WORK INSTRUCTION:
Across the data below, how many lines hold "have"? Answer with that number and nothing else.

RECORD SET section start

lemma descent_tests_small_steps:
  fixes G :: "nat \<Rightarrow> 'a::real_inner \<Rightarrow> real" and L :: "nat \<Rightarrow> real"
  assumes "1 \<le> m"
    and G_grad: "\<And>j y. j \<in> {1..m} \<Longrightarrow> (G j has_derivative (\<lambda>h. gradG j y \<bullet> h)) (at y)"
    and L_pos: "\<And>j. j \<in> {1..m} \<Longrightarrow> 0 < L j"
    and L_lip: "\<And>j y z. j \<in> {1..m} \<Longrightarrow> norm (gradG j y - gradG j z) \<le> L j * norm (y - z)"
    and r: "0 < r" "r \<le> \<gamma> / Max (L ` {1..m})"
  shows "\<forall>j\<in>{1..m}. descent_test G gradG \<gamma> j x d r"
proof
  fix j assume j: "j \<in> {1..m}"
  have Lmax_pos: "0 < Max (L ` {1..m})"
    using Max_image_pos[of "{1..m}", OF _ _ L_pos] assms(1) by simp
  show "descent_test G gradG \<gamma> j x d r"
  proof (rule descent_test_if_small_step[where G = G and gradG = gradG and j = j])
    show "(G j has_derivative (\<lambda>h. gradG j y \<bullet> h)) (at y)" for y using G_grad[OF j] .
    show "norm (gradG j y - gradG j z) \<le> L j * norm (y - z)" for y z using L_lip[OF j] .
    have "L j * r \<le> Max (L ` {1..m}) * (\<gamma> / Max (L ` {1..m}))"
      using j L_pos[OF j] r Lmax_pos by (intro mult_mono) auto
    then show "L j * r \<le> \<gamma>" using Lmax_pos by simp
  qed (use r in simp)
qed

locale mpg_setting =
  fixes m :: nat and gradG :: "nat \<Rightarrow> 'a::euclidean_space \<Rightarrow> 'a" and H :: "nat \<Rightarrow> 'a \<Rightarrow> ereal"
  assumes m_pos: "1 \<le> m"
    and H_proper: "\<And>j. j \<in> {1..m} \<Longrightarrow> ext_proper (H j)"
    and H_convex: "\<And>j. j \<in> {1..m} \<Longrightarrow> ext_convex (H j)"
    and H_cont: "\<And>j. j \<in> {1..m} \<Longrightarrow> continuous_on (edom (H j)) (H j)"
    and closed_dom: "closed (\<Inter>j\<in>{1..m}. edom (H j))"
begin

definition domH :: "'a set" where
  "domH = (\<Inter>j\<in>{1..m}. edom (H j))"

RECORD SET section end

EXERCISE ANSWER:
2